In order to determine an optimal plan for a complex task, one often deals with dynamic and hierarchical relationships between several entities. Traditionally, such problems are tackled with optimal control, which relies on the optimization of cost functions; instead, a recent biologically-motivated proposal casts planning and control as an inference process. Active inference assumes that action and perception are two complementary aspects of life whereby the role of the former is to fulfill the predictions inferred by the latter. In this study, we present a solution, based on active inference, for complex control tasks. The proposed architecture exploits hybrid (discrete and continuous) processing, and it is based on three features: the representation of potential body configurations related to the objects of interest; the use of hierarchical relationships that enable the agent to flexibly expand its body schema for tool use; the definition of potential trajectories related to the agent's intentions, used to infer and plan with dynamic elements at different temporal scales. We evaluate this deep hybrid model on a habitual task: reaching a moving object after having picked a moving tool. We show that the model can tackle the presented task under different conditions. This study extends past work on planning as inference and advances an alternative direction to optimal control.
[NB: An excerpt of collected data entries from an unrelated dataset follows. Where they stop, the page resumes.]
lemma (in prob_space)
  fixes Z :: "nat \<Rightarrow> 'a \<Rightarrow> 'h::real_inner" and K :: "nat \<Rightarrow> nat \<Rightarrow> 'a \<Rightarrow> real"
  assumes int: "\<And>i j. integrable M (\<lambda>\<omega>. inner (Z i \<omega>) (Z j \<omega>))"
    and uncorr: "\<And>i j. i \<noteq> j \<Longrightarrow> (\<integral>\<omega>. inner (Z i \<omega>) (Z j \<omega>) \<partial>M) = 0"
    and var: "\<And>i. (\<integral>\<omega>. (norm (Z i \<omega>))\<^sup>2 \<partial>M) \<le> s"
    and K_meas: "\<And>i j. K i j \<in> borel_measurable M"
    and K_bound: "\<And>i j \<omega>. \<omega> \<in> space M \<Longrightarrow> \<bar>K i j \<omega>\<bar> \<le> C"
    and indep: "\<And>i j. indep_var borel (\<lambda>\<omega>. inner (Z i \<omega>) (Z j \<omega>)) borel (K i j)"
  shows integrable_indep_weighted_quadratic_form:
      "integrable M (\<lambda>\<omega>. \<Sum>i<n. \<Sum>j<n. inner (Z i \<omega>) (Z j \<omega>) * K i j \<omega>)"
    and integral_indep_weighted_quadratic_form_le:
      "(\<integral>\<omega>. (\<Sum>i<n. \<Sum>j<n. inner (Z i \<omega>) (Z j \<omega>) * K i j \<omega>) \<partial>M) \<le> real n * s * C"
proof -
  have int_K: "integrable M (K i j)" for i j
    using K_meas K_bound by (intro integrable_const_bound[where B=C]) auto
  have int_T: "integrable M (\<lambda>\<omega>. inner (Z i \<omega>) (Z j \<omega>) * K i j \<omega>)" for i j
    by (rule indep_var_integrable[OF indep int int_K])
  have E_T: "(\<integral>\<omega>. inner (Z i \<omega>) (Z j \<omega>) * K i j \<omega> \<partial>M)
               = (\<integral>\<omega>. inner (Z i \<omega>) (Z j \<omega>) \<partial>M) * (\<integral>\<omega>. K i j \<omega> \<partial>M)" for i j
    by (rule indep_var_lebesgue_integral[OF indep int int_K])
  have E_diag: "(\<integral>\<omega>. inner (Z i \<omega>) (Z i \<omega>) * K i i \<omega> \<partial>M) \<le> s * C" for i
  proof -
    have "(\<integral>\<omega>. K i i \<omega> \<partial>M) \<le> (\<integral>\<omega>. C \<partial>M)"
      using K_bound by (intro integral_mono_AE int_K) (auto simp: abs_le_iff)
    then have EK: "(\<integral>\<omega>. K i i \<omega> \<partial>M) \<le> C" by (simp add: prob_space)
    have EZ: "0 \<le> (\<integral>\<omega>. inner (Z i \<omega>) (Z i \<omega>) \<partial>M)"
      by (intro integral_nonneg_AE) auto
    obtain \<omega> where "\<omega> \<in> space M" using not_empty by blast
    then have "0 \<le> C" using K_bound[of \<omega> i i] by linarith
    have "(\<integral>\<omega>. inner (Z i \<omega>) (Z i \<omega>) * K i i \<omega> \<partial>M) \<le> (\<integral>\<omega>. inner (Z i \<omega>) (Z i \<omega>) \<partial>M) * C"
      unfolding E_T using EK EZ by (rule mult_left_mono)
    also have "\<dots> \<le> s * C"
      using var[of i] \<open>0 \<le> C\<close> by (intro mult_right_mono) (simp_all add: power2_norm_eq_inner)
    finally show ?thesis .
  qed
  show "integrable M (\<lambda>\<omega>. \<Sum>i<n. \<Sum>j<n. inner (Z i \<omega>) (Z j \<omega>) * K i j \<omega>)"
    by (intro Bochner_Integration.integrable_sum int_T)
  have "(\<integral>\<omega>. (\<Sum>i<n. \<Sum>j<n. inner (Z i \<omega>) (Z j \<omega>) * K i j \<omega>) \<partial>M)
          = (\<Sum>i<n. \<Sum>j<n. \<integral>\<omega>. inner (Z i \<omega>) (Z j \<omega>) * K i j \<omega> \<partial>M)"
    by (simp add: Bochner_Integration.integral_sum Bochner_Integration.integrable_sum int_T)
  also have "\<dots> = (\<Sum>i<n. \<integral>\<omega>. inner (Z i \<omega>) (Z i \<omega>) * K i i \<omega> \<partial>M)"
  proof (intro sum.cong refl)
    fix i assume "i \<in> {..<n}"
    then show "(\<Sum>j<n. \<integral>\<omega>. inner (Z i \<omega>) (Z j \<omega>) * K i j \<omega> \<partial>M)
                 = (\<integral>\<omega>. inner (Z i \<omega>) (Z i \<omega>) * K i i \<omega> \<partial>M)"
      using E_T uncorr by (subst sum.remove[of _ i]) (auto intro!: sum.neutral)
  qed
  also have "\<dots> \<le> (\<Sum>i<n. s * C)"
    by (intro sum_mono E_diag)
  finally show "(\<integral>\<omega>. (\<Sum>i<n. \<Sum>j<n. inner (Z i \<omega>) (Z j \<omega>) * K i j \<omega>) \<partial>M) \<le> real n * s * C"
    by simp
qed

lemma (in prob_space) cos_kernel_quadratic_form_expectation_le:
  fixes X :: "nat \<Rightarrow> 'a \<Rightarrow> 'h::{real_inner, banach, second_countable_topology}"
    and eps :: "nat \<Rightarrow> 'a \<Rightarrow> real" and W :: "real \<Rightarrow> real"
  assumes X_indep: "indep_vars (\<lambda>_. borel) X UNIV"
    and X_ident: "\<And>i. distr M borel (X i) = distr M borel (X 0)"
    and X_sq: "integrable M (\<lambda>\<omega>. (norm (X 0 \<omega>))\<^sup>2)"
    and eps_meas: "\<And>i. eps i \<in> borel_measurable M"
    and eps_X_indep: "indep_set
              (sets (vimage_algebra (space M) (\<lambda>\<omega> i. X i \<omega>) (PiM UNIV (\<lambda>_. borel))))
              (sets (vimage_algebra (space M) (\<lambda>\<omega> i. eps i \<omega>) (PiM UNIV (\<lambda>_. borel))))"
    and W_meas: "W \<in> borel_measurable borel" and W_nonneg: "\<And>t. W t \<ge> 0"
    and I2: "integrable lborel (\<lambda>t. t^2 * W t)"
  defines "m \<equiv> \<integral>\<omega>. X 0 \<omega> \<partial>M"
  shows "integrable M (\<lambda>\<omega>. \<Sum>i<n. \<Sum>j<n.
           inner (X i \<omega> - m) (X j \<omega> - m) * cos_kernel W (eps i \<omega>) (eps j \<omega>))"
    and "(\<integral>\<omega>. (\<Sum>i<n. \<Sum>j<n. inner (X i \<omega> - m) (X j \<omega> - m) * cos_kernel W (eps i \<omega>) (eps j \<omega>)) \<partial>M)
           \<le> real n * (\<integral>\<omega>. (norm (X 0 \<omega> - m))\<^sup>2 \<partial>M) * (\<integral>t. t^2 * W t \<partial>lborel)"
proof -
  have [measurable]: "X i \<in> borel_measurable M" for i
    using X_indep unfolding indep_vars_def by auto
  note eps_meas[measurable] W_meas[measurable] borel_measurable_cos_kernel[measurable (raw)]
  note iid = iid_centred_inner_integrable[OF X_indep X_ident X_sq, folded m_def]
    iid_centred_inner_integral[OF X_indep X_ident X_sq, folded m_def]
  have uncorr: "(\<integral>\<omega>. inner (X i \<omega> - m) (X j \<omega> - m) \<partial>M) = 0" if "i \<noteq> j" for i j
    using iid(2)[of i j] that by simp
  have var: "(\<integral>\<omega>. (norm (X i \<omega> - m))\<^sup>2 \<partial>M) \<le> (\<integral>\<omega>. (norm (X 0 \<omega> - m))\<^sup>2 \<partial>M)" for i
    using iid(2)[of i i] by (simp add: power2_norm_eq_inner)
  have indep: "indep_var borel (\<lambda>\<omega>. inner (X i \<omega> - m) (X j \<omega> - m))
                         borel (\<lambda>\<omega>. cos_kernel W (eps i \<omega>) (eps j \<omega>))" for i j
    by (rule indep_var_comp_of_indep_vimage[OF eps_X_indep])
       (measurable, auto intro: measurable_PiM_single')
  note quadratic_form = integrable_indep_weighted_quadratic_form
    integral_indep_weighted_quadratic_form_le
  note weights = borel_measurable_cos_kernel[OF W_meas eps_meas eps_meas]
    abs_cos_kernel_le[OF W_meas W_nonneg I2]
  show "integrable M (\<lambda>\<omega>. \<Sum>i<n. \<Sum>j<n.
           inner (X i \<omega> - m) (X j \<omega> - m) * cos_kernel W (eps i \<omega>) (eps j \<omega>))"
    by (rule quadratic_form(1)[OF iid(1) uncorr var weights indep])
  show "(\<integral>\<omega>. (\<Sum>i<n. \<Sum>j<n. inner (X i \<omega> - m) (X j \<omega> - m) * cos_kernel W (eps i \<omega>) (eps j \<omega>)) \<partial>M)
           \<le> real n * (\<integral>\<omega>. (norm (X 0 \<omega> - m))\<^sup>2 \<partial>M) * (\<integral>t. t^2 * W t \<partial>lborel)"
    by (rule quadratic_form(2)[OF iid(1) uncorr var weights indep])
qed

lemma (in finite_measure) o_P_mono_rate:
  assumes Z: "o_P M Z r" and Z_meas: "\<And>n. Z n \<in> borel_measurable M"
    and le: "\<forall>\<^sub>F n in sequentially. r n \<le> s n"
  shows "o_P M Z s"
  unfolding o_P_def
proof (intro allI impI)
  fix e :: real assume e: "0 < e"
  have le_measure: "\<forall>\<^sub>F n in sequentially.
      measure M {\<omega> \<in> space M. \<bar>Z n \<omega>\<bar> > e * s n} \<le> measure M {\<omega> \<in> space M. \<bar>Z n \<omega>\<bar> > e * r n}"
    using le
  proof eventually_elim
    case (elim n)
    have "{\<omega> \<in> space M. \<bar>Z n \<omega>\<bar> > e * r n} \<in> sets M"
      using Z_meas[of n] by measurable
    moreover have "e * r n \<le> e * s n"
      using elim e by (intro mult_left_mono) auto
    ultimately show ?case
      by (intro finite_measure_mono) auto
  qed
  have "(\<lambda>n. measure M {\<omega> \<in> space M. \<bar>Z n \<omega>\<bar> > e * r n}) \<longlonglongrightarrow> 0"
    using Z e by (simp add: o_P_def)
  then show "(\<lambda>n. measure M {\<omega> \<in> space M. \<bar>Z n \<omega>\<bar> > e * s n}) \<longlonglongrightarrow> 0"
    using tendsto_sandwich[OF _ le_measure tendsto_const] by simp
qed

lemma (in finite_measure) measure_le_of_subset_Un:
  assumes "S \<subseteq> S1 \<union> S2" "S1 \<in> sets M" "S2 \<in> sets M"
  shows "measure M S \<le> measure M S1 + measure M S2"
proof (cases "S \<in> sets M")
  case True
  then have "measure M S \<le> measure M (S1 \<union> S2)"
    using assms by (intro finite_measure_mono) auto
  also have "\<dots> \<le> measure M S1 + measure M S2"
    using assms by (intro measure_Un_le)
  finally show ?thesis .
qed (simp add: measure_notin_sets)

lemma (in prob_space) o_P_of_abs_le_power2_mult:
  fixes D A Q :: "nat \<Rightarrow> 'a \<Rightarrow> real"
  assumes D: "o_P M D (\<lambda>_. 1)" and D_meas: "\<And>n. D n \<in> borel_measurable M"
    and A_int: "\<And>n. integrable M (A n)" and A_nonneg: "\<And>n \<omega>. \<omega> \<in> space M \<Longrightarrow> 0 \<le> A n \<omega>"
    and A_bound: "\<forall>\<^sub>F n in sequentially. (\<integral>\<omega>. A n \<omega> \<partial>M) \<le> C"
    and Q_le: "\<forall>\<^sub>F n in sequentially. \<forall>\<omega>\<in>space M. \<bar>Q n \<omega>\<bar> \<le> (D n \<omega>)\<^sup>2 * A n \<omega>"
  shows "o_P M Q (\<lambda>_. 1)"
  unfolding o_P_def
proof (intro allI impI tendstoI)
  fix e r :: real assume e: "0 < e" and r: "0 < r"
  (* chosen so that Markov's inequality gives P(A n \<ge> e / \<delta>) \<le> r / 2 *)
  define \<kappa> where "\<kappa> = \<bar>C\<bar> + 1"
  define \<delta> where "\<delta> = r * e / (2 * \<kappa>)"
  have \<kappa>: "0 < \<kappa>" and "C \<le> \<kappa>" by (simp_all add: \<kappa>_def)
  then have \<delta>: "0 < \<delta>" and \<kappa>_\<delta>: "\<kappa> / (e / \<delta>) = r / 2"
    using e r by (simp_all add: \<delta>_def field_simps)
  have "(\<lambda>n. measure M {\<omega> \<in> space M. \<bar>D n \<omega>\<bar> > sqrt \<delta> * 1}) \<longlonglongrightarrow> 0"
    using D \<delta> by (simp add: o_P_def)
  then have "\<forall>\<^sub>F n in sequentially. measure M {\<omega> \<in> space M. \<bar>D n \<omega>\<bar> > sqrt \<delta> * 1} < r / 2"
    using r by (intro order_tendstoD(2)) auto
  then show "\<forall>\<^sub>F n in sequentially. dist (measure M {\<omega> \<in> space M. \<bar>Q n \<omega>\<bar> > e * 1}) 0 < r"
    using A_bound Q_le
  proof eventually_elim
    case (elim n)
    let ?S1 = "{\<omega> \<in> space M. \<bar>D n \<omega>\<bar> > sqrt \<delta> * 1}" and ?S2 = "{\<omega> \<in> space M. A n \<omega> \<ge> e / \<delta>}"
    have "\<omega> \<in> ?S1 \<union> ?S2" if \<omega>: "\<omega> \<in> space M" "\<bar>Q n \<omega>\<bar> > e * 1" for \<omega>
    proof (rule ccontr)
      assume "\<omega> \<notin> ?S1 \<union> ?S2"
      then have "\<bar>D n \<omega>\<bar> \<le> sqrt \<delta>" and A_small: "A n \<omega> < e / \<delta>"
        using \<omega> by auto
      then have "(D n \<omega>)\<^sup>2 \<le> \<delta>"
        using \<delta> by (metis abs_ge_zero power2_abs power_mono real_sqrt_pow2 less_imp_le)
      then have "\<bar>Q n \<omega>\<bar> \<le> \<delta> * A n \<omega>"
        using elim(3) \<omega> A_nonneg[of \<omega> n] by (meson mult_right_mono order_trans)
      also have "\<dots> < \<delta> * (e / \<delta>)"
        using A_small \<delta> by (intro mult_strict_left_mono)
      finally show False using \<omega> \<delta> by simp
    qed
    then have "measure M {\<omega> \<in> space M. \<bar>Q n \<omega>\<bar> > e * 1} \<le> measure M ?S1 + measure M ?S2"
      using D_meas[of n] A_int[of n] by (intro measure_le_of_subset_Un) auto
    moreover have "measure M ?S2 \<le> (\<integral>\<omega>. A n \<omega> \<partial>M) / (e / \<delta>)"
      using A_nonneg e \<delta>
      by (intro integral_Markov_inequality_measure[OF A_int, where A="space M"]) auto
    moreover have "(\<integral>\<omega>. A n \<omega> \<partial>M) / (e / \<delta>) \<le> \<kappa> / (e / \<delta>)"
      using elim(2) \<open>C \<le> \<kappa>\<close> e \<delta> by (intro divide_right_mono) auto
    ultimately have "measure M {\<omega> \<in> space M. \<bar>Q n \<omega>\<bar> > e * 1} < r"
      using elim(1) \<kappa>_\<delta> by linarith
    then show ?case by simp
  qed
qed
翻译：为复杂任务确定最优规划时，常需处理多个实体间的动态层次关系。传统方法采用最优控制理论，其依赖于成本函数的优化；而近期一项受生物学启发的提案则将规划与控制重构为推理过程。主动推断理论认为，行动与感知是生命活动的两个互补方面，前者的作用在于实现后者所推断的预测。本研究提出一种基于主动推断的复杂控制任务解决方案。该架构利用混合（离散与连续）处理机制，基于三大特征构建：与目标物体相关的潜在身体构型表征；使智能体能够灵活扩展其工具使用身体图式的层次关系；与智能体意图相关的潜在轨迹定义，用于在不同时间尺度上对动态元素进行推理与规划。我们在习惯性任务（拾取移动工具后触及移动物体）上评估该深度混合模型，证明其能在不同条件下处理所提出的任务。本研究拓展了既往将规划视为推理的研究工作，并为最优控制理论提供了替代方向。